- Education: Northlink College
- Alma mater: Tshwane University of Technology
- Occupation: Actress
- Years active: 2010–present
- Height: 5 ft 4 in (163 cm)
- Spouse: Kuba Silkiewicz (m. 2011)
- Children: 1

= Hildegardt Whites =

South African actress

Hildegardt Whites, popularly known as Hildegardt Silkiewicz, is a South African actress, vocalist, and MC. She is best known for the role "Bonita Basson" in the popular soapie 7de Laan.

==Personal life==
In 2000, her family moved to the West Coast and educated at Northlink College. She has four brothers. Straight after Grade 12, Whites started to study performance art in Cape Town. After that, she graduated from Tshwane University of Technology (TUT), also known as Pretoria Technikon.

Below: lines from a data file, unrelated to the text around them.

definition maximal_set :: "'a set \<Rightarrow> ('a \<Rightarrow> 'a \<Rightarrow> bool) \<Rightarrow> 'a set \<Rightarrow> bool" where
  "maximal_set V E S \<longleftrightarrow> S \<noteq> {} \<and> good_set V E S \<and>
     (\<forall>T. S \<subset> T \<and> T \<subseteq> V \<longrightarrow> \<not> good_set V E T)"

definition gen :: "('a \<Rightarrow> 'a \<Rightarrow> bool) \<Rightarrow> 'a set \<Rightarrow> 'a set" where
  "gen E S = {v \<in> S. finite (S - desc E v)}"

definition sim :: "('a \<Rightarrow> 'a \<Rightarrow> bool) \<Rightarrow> 'a set \<Rightarrow> 'a set \<Rightarrow> bool" where
  "sim E S1 S2 \<longleftrightarrow> infinite S1 \<and> infinite S2 \<and>
     finite ((gen E S1 - gen E S2) \<union> (gen E S2 - gen E S1))"

definition strip_V :: "nat \<Rightarrow> (nat \<times> nat) set" where
  "strip_V k = {(i, p). 1 \<le> i \<and> 1 \<le> p \<and> p \<le> k}"

definition strip_E :: "nat \<Rightarrow> nat \<times> nat \<Rightarrow> nat \<times> nat \<Rightarrow> bool" where
  "strip_E k v w \<longleftrightarrow> v \<in> strip_V k \<and> w \<in> strip_V k \<and>
     fst w = fst v + 1 \<and> \<bar>int (snd v) - int (snd w)\<bar> \<le> 1"

definition strip_t :: "nat \<times> nat \<Rightarrow> real" where
  "strip_t v = real (fst v)"

end

theory Submission
  imports Defs
begin

text \<open>In the strip every vertex has among its descendants all vertices at least k generations
  later. Hence a cone (a vertex together with its descendants) misses only finitely many vertices
  of the strip, and in particular of any other cone: every cone is good, equals its own set of
  generators, and any two cones are \<open>\<sim>\<close>-equivalent. By CA a good set lies in the cone of its
  root, so the maximal good sets are exactly the cones of the parentless vertices, which are the
  k vertices of the first row.\<close>

definition cone :: "('a \<Rightarrow> 'a \<Rightarrow> bool) \<Rightarrow> 'a \<Rightarrow> 'a set" where
  "cone E v = insert v (desc E v)"

lemma desc_edge: "E v w \<Longrightarrow> w \<in> desc E v"
  by (simp add: desc_def)

lemma desc_trans: "w \<in> desc E v \<Longrightarrow> u \<in> desc E w \<Longrightarrow> u \<in> desc E v"
  by (auto simp: desc_def intro: tranclp_trans)

lemma desc_has_parent: "w \<in> desc E v \<Longrightarrow> \<exists>u. E u w"
  unfolding desc_def by (auto elim: tranclp.cases)

lemma desc_subset_cone: "u \<in> cone E v \<Longrightarrow> desc E u \<subseteq> cone E v"
  unfolding cone_def using desc_trans by fastforce

lemma CA_imp_subset_cone: "CA E S \<Longrightarrow> \<exists>r \<in> S. S \<subseteq> cone E r"
  unfolding CA_def cone_def by blast

locale cofinite_desc_graph =
  fixes V :: "'a set" and E :: "'a \<Rightarrow> 'a \<Rightarrow> bool"
  assumes edge_in_V: "E v w \<Longrightarrow> v \<in> V \<and> w \<in> V"
    and acyclic: "v \<notin> desc E v"
    and finite_V_diff_desc: "u \<in> V \<Longrightarrow> finite (V - desc E u)"
    and infinite_V: "infinite V"
begin

lemma desc_subset_V: "desc E v \<subseteq> V"
  unfolding desc_def by (auto elim: tranclp.cases dest: edge_in_V)

lemma cone_subset_V: "v \<in> V \<Longrightarrow> cone E v \<subseteq> V"
  using desc_subset_V by (auto simp: cone_def)

lemma finite_cone_diff_desc: "v \<in> V \<Longrightarrow> u \<in> V \<Longrightarrow> finite (cone E v - desc E u)"
  by (rule finite_subset[OF _ finite_V_diff_desc[of u]]) (use cone_subset_V in auto)

lemma good_set_cone:
  assumes v: "v \<in> V" shows "good_set V E (cone E v)"
  unfolding good_set_def
proof (intro conjI)
  show "cone E v \<subseteq> V" using cone_subset_V v .
  show "IAP E (cone E v)"
    unfolding IAP_def using finite_cone_diff_desc[OF v] cone_subset_V[OF v] by (meson subsetD)
  show "CONV V E (cone E v)"
    unfolding CONV_def using desc_subset_cone by (meson subsetD)
  show "CA E (cone E v)" by (auto simp: CA_def cone_def)
  show "REF E (cone E v)"
    unfolding REF_def by (simp add: Int_absorb1 desc_subset_cone)
qed

lemma maximal_set_imp_cone_of_parentless:
  assumes "maximal_set V E T" shows "\<exists>r \<in> V. (\<nexists>u. E u r) \<and> T = cone E r"
proof -
  have good: "good_set V E T"
    and no_good_superset: "\<And>T'. T \<subset> T' \<Longrightarrow> T' \<subseteq> V \<Longrightarrow> \<not> good_set V E T'"
    using assms unfolding maximal_set_def by blast+
  obtain r where r: "r \<in> T" "T \<subseteq> cone E r"
    using good CA_imp_subset_cone[of E T] unfolding good_set_def by blast
  have "r \<in> V" using r good unfolding good_set_def by blast
  have T: "T = cone E r"
  proof (rule ccontr)
    assume "T \<noteq> cone E r"
    with r(2) have "T \<subset> cone E r" by (rule psubsetI)
    then show False
      using no_good_superset good_set_cone[OF \<open>r \<in> V\<close>] cone_subset_V[OF \<open>r \<in> V\<close>] by blast
  qed
  have "\<not> E u r" for u
  proof
    assume "E u r"
    then have "u \<in> V" using edge_in_V by blast
    have "r \<in> desc E u" using \<open>E u r\<close> by (rule desc_edge)
    then have "u \<notin> cone E r"
      using acyclic[of r] desc_trans[of u E r r] by (auto simp: cone_def)
    moreover have "cone E r \<subseteq> cone E u"
      using \<open>r \<in> desc E u\<close> desc_subset_cone[of r E u] by (auto simp: cone_def)
    ultimately have "T \<subset> cone E u" unfolding T cone_def by blast
    then show False
      using no_good_superset good_set_cone[OF \<open>u \<in> V\<close>] cone_subset_V[OF \<open>u \<in> V\<close>] by blast
  qed
  then show ?thesis using \<open>r \<in> V\<close> T by blast
qed

lemma maximal_set_cone_of_parentless:
  assumes "r \<in> V" "\<nexists>u. E u r" shows "maximal_set V E (cone E r)"
proof -
  have "\<not> good_set V E T" if "cone E r \<subset> T" for T
  proof
    assume "good_set V E T"
    then obtain r' where r': "r' \<in> T" "T \<subseteq> cone E r'"
      using CA_imp_subset_cone[of E T] unfolding good_set_def by blast
    have "r \<in> T" using that by (auto simp: cone_def)
    moreover have "r \<notin> desc E r'" using assms(2) desc_has_parent[of r E r'] by blast
    ultimately have "r' = r" using r'(2) by (auto simp: cone_def)
    then show False using that r'(2) by blast
  qed
  moreover have "cone E r \<noteq> {}" by (simp add: cone_def)
  ultimately show ?thesis
    unfolding maximal_set_def using good_set_cone[OF assms(1)] by blast
qed

lemma maximal_set_iff_cone_of_parentless:
  "maximal_set V E T \<longleftrightarrow> (\<exists>r \<in> V. (\<nexists>u. E u r) \<and> T = cone E r)"
  using maximal_set_imp_cone_of_parentless maximal_set_cone_of_parentless by blast

lemma inj_cone: "inj (cone E)"
proof (rule injI)
  fix v w assume "cone E v = cone E w"
  then have "v \<in> cone E w" "w \<in> cone E v" by (metis cone_def insertI1)+
  then show "v = w" using acyclic[of v] desc_trans[of w E v v] by (auto simp: cone_def)
qed

lemma gen_cone: "v \<in> V \<Longrightarrow> gen E (cone E v) = cone E v"
  using finite_cone_diff_desc cone_subset_V by (auto simp: gen_def)

lemma infinite_cone:
  assumes "v \<in> V" shows "infinite (cone E v)"
proof
  assume "finite (cone E v)"
  then have "finite ((V - desc E v) \<union> cone E v)"
    using finite_V_diff_desc[OF assms] by blast
  moreover have "V \<subseteq> (V - desc E v) \<union> cone E v" by (auto simp: cone_def)
  ultimately show False using infinite_V finite_subset by blast
qed

lemma sim_cone:
  assumes "v \<in> V" "w \<in> V" shows "sim E (cone E v) (cone E w)"
proof -
  have "finite (cone E a - cone E b)" if "a \<in> V" "b \<in> V" for a b
    using finite_cone_diff_desc[OF that] by (rule finite_subset[rotated]) (auto simp: cone_def)
  then show ?thesis
    using assms by (simp add: sim_def gen_cone infinite_cone)
qed

end

lemma strip_desc_fst_less:
  assumes "w \<in> desc (strip_E k) v" shows "fst v < fst w"
proof -
  have "(strip_E k)\<^sup>+\<^sup>+ v w" using assms by (simp add: desc_def)
  then show ?thesis by (induction rule: tranclp_induct) (auto simp: strip_E_def)
qed

lemma strip_desc_if_column_gap_le:
  assumes "(i, p) \<in> strip_V k" "(i + Suc d, q) \<in> strip_V k"
    and "\<bar>int q - int p\<bar> \<le> int (Suc d)"
  shows "(i + Suc d, q) \<in> desc (strip_E k) (i, p)"
  using assms
proof (induction d arbitrary: i p)
  case 0
  then show ?case by (auto simp: desc_def strip_E_def)
next
  case (Suc d)
  define p' where "p' = (if p < q then p + 1 else if q < p then p - 1 else p)"
  have "(Suc i, p') \<in> strip_V k"
    using Suc.prems by (auto simp: strip_V_def p'_def)
  then have "strip_E k (i, p) (Suc i, p')"
    using Suc.prems by (auto simp: strip_E_def p'_def)
  moreover have "(Suc i + Suc d, q) \<in> desc (strip_E k) (Suc i, p')"
    using \<open>(Suc i, p') \<in> strip_V k\<close> Suc.prems by (intro Suc.IH) (auto simp: p'_def)
  ultimately show ?case using desc_edge desc_trans by fastforce
qed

She has been married to the musician Kuba Silkiewicz since 2011. The couple have one boy who was born in May 2017.

==Career==
In her final year of high school, she acted in the musical, West Side Story playing the role of Anita. This was her first experience as a theatre actress. While she was in TUT, she had minor roles in stage plays and appeared in some advertisements. In 2010, she joined with the crew of 7de Laan and played the role "Bonita Basson". Currently, she is continued to play the role for thirteen consecutive years. In the meantime, she was also nominated for "Favourite Newcomer on Television" at the YOU Spectacular Awards.